Scan the records below and copy every line that contains the string "imports".

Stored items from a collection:
* * * *

(* For every $N\ge1$ and every $f\in H_N^{\mathrm{sip}}$ one has $\mathcal E_N(f)\ge\mathcal R_N(f)$, where $\mathcal E_N$ and $\mathcal R_N$ are the Dirichlet forms described in the context.
   Context: Fix $\gamma>0$ and $p:\mathbb R\to[0,\infty)$ symmetric, finite range $R$, $p(0)=0$. $p_N(r)=p(Nr)$, $A_N=\frac1N\{-R,\dots,R\}\setminus\{0\}$, $A_N^+=\{|r|:r\in A_N\}$. $\mu_N$ gives mass $\frac1N$ to each point of $\frac1N\mathbb Z$, $\nu_{\gamma,N}=\mu_N+\sqrt2\gamma\delta_0$, $H_N^{\mathrm{sip}}=L^2(\frac1N\mathbb Z,\nu_{\gamma,N})$. $\mathcal E_N(f)=-\sum_{w\in\frac1N\mathbb Z}f(w)\sum_{r\in A_N}2p_N(r)\big(\frac{N^2}2+\frac{N^3\gamma}{\sqrt2}\mathbf 1_{\{r=-w\}}\big)(f(w+r)-f(w))\,\nu_{\gamma,N}(w)$ (the Dirichlet form of the rescaled SIP difference process). $\mathcal R_N(f)=-\sum_{v\in\frac1N\mathbb Z}f(v)\,\Delta_Nf(v)\,\mu_N(v)$ with $\Delta_Ng(v)=N^2\sum_{r\in A_N^+}p_N(r)[g(v+r)-2g(v)+g(v-r)]$ (the Dirichlet form of the diffusively rescaled random walk). *)

theory Defs
  imports "HOL-Analysis.Analysis"
begin

definition lattice :: "nat \<Rightarrow> real set" where
  "lattice N = {real_of_int k / real N | k. True}"

definition mu_N :: "nat \<Rightarrow> real \<Rightarrow> real" where
  "mu_N N w = 1 / real N"

definition nu_N :: "real \<Rightarrow> nat \<Rightarrow> real \<Rightarrow> real" where
  "nu_N \<gamma> N w = mu_N N w + (if w = 0 then sqrt 2 * \<gamma> else 0)"

definition p_N :: "(real \<Rightarrow> real) \<Rightarrow> nat \<Rightarrow> real \<Rightarrow> real" where
  "p_N p N r = p (real N * r)"

definition A_N :: "nat \<Rightarrow> nat \<Rightarrow> real set" where
  "A_N R N = {real_of_int j / real N | j. j \<in> {- int R .. int R} \<and> j \<noteq> 0}"

definition A_N_plus :: "nat \<Rightarrow> nat \<Rightarrow> real set" where
  "A_N_plus R N = abs ` A_N R N"

text \<open>Membership in H_N^sip = L^2((1/N)Z, nu_{gamma,N}).\<close>
definition in_H_sip :: "real \<Rightarrow> nat \<Rightarrow> (real \<Rightarrow> real) \<Rightarrow> bool" where
  "in_H_sip \<gamma> N f \<longleftrightarrow> (\<lambda>w. (f w)\<^sup>2 * nu_N \<gamma> N w) summable_on lattice N"

text \<open>Dirichlet form of the rescaled SIP difference process.\<close>
definition E_N :: "(real \<Rightarrow> real) \<Rightarrow> nat \<Rightarrow> real \<Rightarrow> nat \<Rightarrow> (real \<Rightarrow> real) \<Rightarrow> real" where
  "E_N p R \<gamma> N f = - (\<Sum>\<^sub>\<infinity>w\<in>lattice N.
      f w * (\<Sum>r\<in>A_N R N. 2 * p_N p N r *
        ((real N)\<^sup>2 / 2 + (real N)^3 * \<gamma> / sqrt 2 * (if r = - w then 1 else 0)) *
        (f (w + r) - f w)) * nu_N \<gamma> N w)"

definition Delta_N :: "(real \<Rightarrow> real) \<Rightarrow> nat \<Rightarrow> nat \<Rightarrow> (real \<Rightarrow> real) \<Rightarrow> real \<Rightarrow> real" where
  "Delta_N p R N g v = (real N)\<^sup>2 * (\<Sum>r\<in>A_N_plus R N. p_N p N r * (g (v + r) - 2 * g v + g (v - r)))"

text \<open>Dirichlet form of the diffusively rescaled random walk.\<close>
definition R_N :: "(real \<Rightarrow> real) \<Rightarrow> nat \<Rightarrow> nat \<Rightarrow> (real \<Rightarrow> real) \<Rightarrow> real" where
  "R_N p R N f = - (\<Sum>\<^sub>\<infinity>v\<in>lattice N. f v * Delta_N p R N f v * mu_N N v)"

end

theory Submission
  imports Defs
begin

text \<open>
  The SIP form differs from the random-walk form only through the atom \<open>\<surd>2 \<gamma> \<delta>\<^sub>0\<close> of
  \<open>\<nu>\<^sub>\<gamma>\<^sub>,\<^sub>N\<close>, which weights the jumps out of \<open>0\<close>, and the accelerated jumps into \<open>0\<close>
  (the extra rate for \<open>r = -w\<close>). These two corrections are in detailed balance, so
  together they form a Dirichlet form of their own:
  \<open>E\<^sub>N(f) - R\<^sub>N(f) = \<surd>2 \<gamma> N\<^sup>2 \<Sum>\<^sub>r p\<^sub>N(r) (f(r) - f(0))\<^sup>2 \<ge> 0\<close>.
  Because the summands of the two infinite sums differ only on the finite set
  \<open>{0} \<union> A\<^sub>N\<close>, no summability of \<open>f\<close> is needed: either both sums converge or
  both diverge, and a divergent \<open>infsum\<close> is \<open>0\<close>.
\<close>

lemma infsum_le_infsum_finite_perturbation:
  fixes e \<rho> :: "'a \<Rightarrow> real"
  assumes "finite F" "F \<subseteq> A"
    and agree: "\<And>x. x \<in> A - F \<Longrightarrow> e x = \<rho> x"
    and le: "(\<Sum>x\<in>F. e x) \<le> (\<Sum>x\<in>F. \<rho> x)"
  shows "infsum e A \<le> infsum \<rho> A"
proof -
  have diff_has_sum: "((\<lambda>x. g x - h x) has_sum (\<Sum>x\<in>F. g x - h x)) A"
    if "\<And>x. x \<in> A - F \<Longrightarrow> g x = h x" for g h :: "'a \<Rightarrow> real"
    by (rule has_sum_finite_neutralI) (use assms(1,2) that in auto)
  show ?thesis
  proof (cases "\<rho> summable_on A")
    case True
    have "((\<lambda>x. \<rho> x + (e x - \<rho> x)) has_sum (infsum \<rho> A + (\<Sum>x\<in>F. e x - \<rho> x))) A"
      using True agree by (intro has_sum_add diff_has_sum) auto
    then have "infsum e A = infsum \<rho> A + (\<Sum>x\<in>F. e x - \<rho> x)"
      by (simp add: infsumI)
    with le show ?thesis
      by (simp add: sum_subtractf)
  next
    case False
    have "\<not> e summable_on A"
    proof
      assume "e summable_on A"
      moreover have "(\<lambda>x. \<rho> x - e x) summable_on A"
        using diff_has_sum[of \<rho> e] agree unfolding summable_on_def by auto
      ultimately have "(\<lambda>x. e x + (\<rho> x - e x)) summable_on A"
        by (rule summable_on_add)
      with False show False
        by simp
    qed
    with False show ?thesis
      by (simp add: infsum_not_exists)
  qed
qed

lemma sum_symmetric_set_eq_sum_positive:
  fixes A :: "'a::linordered_ab_group_add set"
  assumes "finite A" "0 \<notin> A" and sym: "\<And>r. r \<in> A \<Longrightarrow> - r \<in> A"
  shows "(\<Sum>r\<in>A. g r) = (\<Sum>r\<in>{r\<in>A. 0 < r}. g r + g (- r))"
proof -
  have split: "A = {r\<in>A. 0 < r} \<union> {r\<in>A. r < 0}"
    using assms(2) by (auto, metis neq_iff)
  have negative: "{r\<in>A. r < 0} = uminus ` {r\<in>A. 0 < r}"
    using sym by (auto intro!: image_eqI[where x = "- r" for r])
  have "(\<Sum>r\<in>A. g r) = (\<Sum>r\<in>{r\<in>A. 0 < r}. g r) + (\<Sum>r\<in>{r\<in>A. r < 0}. g r)"
    by (subst split, rule sum.union_disjoint) (use assms(1) in auto)
  also have "(\<Sum>r\<in>{r\<in>A. r < 0}. g r) = (\<Sum>r\<in>{r\<in>A. 0 < r}. g (- r))"
    unfolding negative by (subst sum.reindex) (auto simp: inj_on_def)
  finally show ?thesis
    by (simp add: sum.distrib)
qed

lemma abs_image_symmetric_set:
  fixes A :: "'a::{linordered_ab_group_add, abs_if} set"
  assumes "0 \<notin> A" and sym: "\<And>r. r \<in> A \<Longrightarrow> - r \<in> A"
  shows "abs ` A = {r\<in>A. 0 < r}"
proof safe
  fix r assume "r \<in> A"
  moreover have "r \<noteq> 0"
    using assms(1) \<open>r \<in> A\<close> by auto
  ultimately show "\<bar>r\<bar> \<in> A" "0 < \<bar>r\<bar>"
    using sym by (auto simp: abs_if neq_iff)
next
  fix r assume "r \<in> A" "0 < r"
  then show "r \<in> abs ` A"
    by (intro image_eqI[where x = r]) (auto simp: abs_if)
qed

lemma finite_A_N: "finite (A_N R N)"
proof -
  have "A_N R N = (\<lambda>j. real_of_int j / real N) ` ({- int R .. int R} - {0})"
    by (auto simp: A_N_def)
  then show ?thesis
    by simp
qed

lemma zero_notin_A_N: "N \<noteq> 0 \<Longrightarrow> 0 \<notin> A_N R N"
  by (auto simp: A_N_def)

lemma uminus_mem_A_N: "r \<in> A_N R N \<Longrightarrow> - r \<in> A_N R N"
  unfolding A_N_def by clarsimp (rule_tac x = "- j" in exI, auto)

lemma A_N_subset_lattice: "A_N R N \<subseteq> lattice N"
  by (auto simp: A_N_def lattice_def)

lemma zero_mem_lattice: "0 \<in> lattice N"
  unfolding lattice_def by (auto intro: exI[where x = 0])

lemma sum_A_N_eq_sum_A_N_plus:
  assumes "N \<noteq> 0"
  shows "(\<Sum>r\<in>A_N R N. g r) = (\<Sum>r\<in>A_N_plus R N. g r + g (- r))"
  unfolding A_N_plus_def
  using assms finite_A_N zero_notin_A_N uminus_mem_A_N
  by (simp add: abs_image_symmetric_set sum_symmetric_set_eq_sum_positive)

lemma Delta_N_eq_sum_A_N:
  assumes "N \<noteq> 0" and p_sym: "\<And>x. p (- x) = p x"
  shows "Delta_N p R N f w = (real N)\<^sup>2 * (\<Sum>r\<in>A_N R N. p_N p N r * (f (w + r) - f w))"
proof -
  have "p_N p N (- r) = p_N p N r" for r
    unfolding p_N_def using p_sym[of "real N * r"] by simp
  then show ?thesis
    unfolding Delta_N_def sum_A_N_eq_sum_A_N_plus[OF assms(1)]
    by (simp add: algebra_simps)
qed

definition sip_generator ::
    "(real \<Rightarrow> real) \<Rightarrow> nat \<Rightarrow> real \<Rightarrow> nat \<Rightarrow> (real \<Rightarrow> real) \<Rightarrow> real \<Rightarrow> real" where
  "sip_generator p R \<gamma> N f w = (\<Sum>r\<in>A_N R N. 2 * p_N p N r *
      ((real N)\<^sup>2 / 2 + (real N)^3 * \<gamma> / sqrt 2 * (if r = - w then 1 else 0)) *
      (f (w + r) - f w))"

definition sip_summand ::
    "(real \<Rightarrow> real) \<Rightarrow> nat \<Rightarrow> real \<Rightarrow> nat \<Rightarrow> (real \<Rightarrow> real) \<Rightarrow> real \<Rightarrow> real" where
  "sip_summand p R \<gamma> N f w = f w * sip_generator p R \<gamma> N f w * nu_N \<gamma> N w"

definition rw_summand :: "(real \<Rightarrow> real) \<Rightarrow> nat \<Rightarrow> nat \<Rightarrow> (real \<Rightarrow> real) \<Rightarrow> real \<Rightarrow> real" where
  "rw_summand p R N f v = f v * Delta_N p R N f v * mu_N N v"

lemma E_N_eq_infsum_sip_summand:
  "E_N p R \<gamma> N f = - infsum (sip_summand p R \<gamma> N f) (lattice N)"
  unfolding E_N_def sip_summand_def sip_generator_def ..

lemma R_N_eq_infsum_rw_summand: "R_N p R N f = - infsum (rw_summand p R N f) (lattice N)"
  unfolding R_N_def rw_summand_def ..

lemma sip_generator_eq_Delta_N_plus_jump:
  assumes "N \<noteq> 0" and p_sym: "\<And>x. p (- x) = p x"
  shows "sip_generator p R \<gamma> N f w = Delta_N p R N f w +
      (if w \<in> A_N R N then sqrt 2 * \<gamma> * (real N)^3 * p_N p N w * (f 0 - f w) else 0)"
proof -
  let ?A = "A_N R N" and ?q = "p_N p N"
  have q_sym: "?q (- w) = ?q w"
    unfolding p_N_def using p_sym[of "real N * w"] by simp
  have jump_weight: "2 * q * ((real N)\<^sup>2 / 2 + (real N)^3 * \<gamma> / sqrt 2 * (if b then 1 else 0)) * d
      = (real N)\<^sup>2 * (q * d) + (if b then sqrt 2 * \<gamma> * (real N)^3 * q * d else 0)" for q d b
    by (simp add: field_simps)
  have "sip_generator p R \<gamma> N f w = (\<Sum>r\<in>?A. (real N)\<^sup>2 * (?q r * (f (w + r) - f w)) +
        (if r = - w then sqrt 2 * \<gamma> * (real N)^3 * ?q r * (f (w + r) - f w) else 0))"
    unfolding sip_generator_def by (rule sum.cong) (simp_all only: jump_weight)
  also have "\<dots> = Delta_N p R N f w +
      (if - w \<in> ?A then sqrt 2 * \<gamma> * (real N)^3 * ?q (- w) * (f 0 - f w) else 0)"
    by (simp add: Delta_N_eq_sum_A_N[where p = p, OF assms] sum.distrib sum_distrib_left finite_A_N)
  finally show ?thesis
    using uminus_mem_A_N[of w] uminus_mem_A_N[of "- w"] q_sym by auto
qed

lemma sip_summand_minus_rw_summand:
  assumes "N \<noteq> 0" and p_sym: "\<And>x. p (- x) = p x"
  shows "sip_summand p R \<gamma> N f w - rw_summand p R N f w = sqrt 2 * \<gamma> * (real N)\<^sup>2 *
    ((if w = 0 then f 0 * (\<Sum>r\<in>A_N R N. p_N p N r * (f r - f 0)) else 0) +
     (if w \<in> A_N R N then p_N p N w * f w * (f 0 - f w) else 0))"
proof -
  let ?J = "if w \<in> A_N R N then sqrt 2 * \<gamma> * (real N)^3 * p_N p N w * (f 0 - f w) else 0"
  have N: "real N > 0"
    using assms(1) by simp
  have sip: "sip_summand p R \<gamma> N f w
      = f w * (Delta_N p R N f w + ?J) * (1 / real N + (if w = 0 then sqrt 2 * \<gamma> else 0))"
    unfolding sip_summand_def sip_generator_eq_Delta_N_plus_jump[where p = p, OF assms] nu_N_def mu_N_def ..
  have rw: "rw_summand p R N f w = f w * Delta_N p R N f w / real N"
    by (simp add: rw_summand_def mu_N_def)
  have "0 \<notin> A_N R N"
    using zero_notin_A_N[OF assms(1)] .
  then consider "w = 0" "w \<notin> A_N R N" | "w \<noteq> 0" "w \<in> A_N R N" | "w \<noteq> 0" "w \<notin> A_N R N"
    by blast
  then show ?thesis
  proof cases
    case 1
    then show ?thesis
      using N unfolding sip rw
      by (simp add: Delta_N_eq_sum_A_N[where p = p, OF assms] field_simps)
  next
    case 2
    then show ?thesis
      using N unfolding sip rw by (simp add: field_simps power2_eq_square power3_eq_cube)
  next
    case 3
    then show ?thesis
      unfolding sip rw by simp
  qed
qed

lemma sum_sip_minus_rw_summand:
  assumes "N \<noteq> 0" and p_sym: "\<And>x. p (- x) = p x"
  shows "(\<Sum>w\<in>insert 0 (A_N R N). sip_summand p R \<gamma> N f w - rw_summand p R N f w)
    = - (sqrt 2 * \<gamma> * (real N)\<^sup>2 * (\<Sum>r\<in>A_N R N. p_N p N r * (f r - f 0)\<^sup>2))"
proof -
  let ?A = "A_N R N" and ?q = "p_N p N"
  have "0 \<notin> ?A"
    using zero_notin_A_N[OF assms(1)] .
  then have "(\<Sum>w\<in>insert 0 ?A. sip_summand p R \<gamma> N f w - rw_summand p R N f w)
      = sqrt 2 * \<gamma> * (real N)\<^sup>2 *
        (f 0 * (\<Sum>r\<in>?A. ?q r * (f r - f 0)) + (\<Sum>r\<in>?A. ?q r * f r * (f 0 - f r)))"
    by (auto simp: sip_summand_minus_rw_summand[where p = p, OF assms] finite_A_N sum_distrib_left
        distrib_left intro!: sum.cong)
  also have "f 0 * (\<Sum>r\<in>?A. ?q r * (f r - f 0)) + (\<Sum>r\<in>?A. ?q r * f r * (f 0 - f r))
      = - (\<Sum>r\<in>?A. ?q r * (f r - f 0)\<^sup>2)"
  proof -
    have "f 0 * (\<Sum>r\<in>?A. ?q r * (f r - f 0)) + (\<Sum>r\<in>?A. ?q r * f r * (f 0 - f r))
        = (\<Sum>r\<in>?A. - (?q r * (f r - f 0)\<^sup>2))"
      unfolding sum_distrib_left sum.distrib[symmetric]
      by (rule sum.cong) (simp_all add: power2_eq_square algebra_simps)
    then show ?thesis
      by (simp add: sum_negf)
  qed
  finally show ?thesis
    by simp
qed

theorem proposition5p6:
  fixes p :: "real \<Rightarrow> real" and R :: nat and \<gamma> :: real and N :: nat and f :: "real \<Rightarrow> real"
  assumes gamma_pos: "\<gamma> > 0"
    and p_nonneg: "\<And>x. p x \<ge> 0"
    and p_sym: "\<And>x. p (- x) = p x"
    and p_range: "\<And>x. \<bar>x\<bar> > real R \<Longrightarrow> p x = 0"
    and p_zero: "p 0 = 0"
    and N_pos: "N \<ge> 1"
    and f_H: "in_H_sip \<gamma> N f"
  shows "E_N p R \<gamma> N f \<ge> R_N p R N f"
proof -
  have N: "N \<noteq> 0"
    using N_pos by simp
  have "infsum (sip_summand p R \<gamma> N f) (lattice N) \<le> infsum (rw_summand p R N f) (lattice N)"
  proof (rule infsum_le_infsum_finite_perturbation)
    show "finite (insert 0 (A_N R N))" "insert 0 (A_N R N) \<subseteq> lattice N"
      using finite_A_N A_N_subset_lattice zero_mem_lattice by auto
    show "sip_summand p R \<gamma> N f w = rw_summand p R N f w" if "w \<in> lattice N - insert 0 (A_N R N)" for w
      using that sip_summand_minus_rw_summand[where p = p, OF N p_sym, of R \<gamma> f w] by simp
    have "0 \<le> sqrt 2 * \<gamma> * (real N)\<^sup>2 * (\<Sum>r\<in>A_N R N. p_N p N r * (f r - f 0)\<^sup>2)"
      using gamma_pos p_nonneg by (simp add: p_N_def sum_nonneg)
    then show "(\<Sum>w\<in>insert 0 (A_N R N). sip_summand p R \<gamma> N f w)
        \<le> (\<Sum>w\<in>insert 0 (A_N R N). rw_summand p R N f w)"
      using sum_sip_minus_rw_summand[where p = p, OF N p_sym, of R \<gamma> f] by (simp add: sum_subtractf)
  qed
  then show ?thesis
    by (simp add: E_N_eq_infsum_sip_summand R_N_eq_infsum_rw_summand)
qed

end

* * * *

_Completed task_.
  imports "HOL-Analysis.Analysis"
  imports Defs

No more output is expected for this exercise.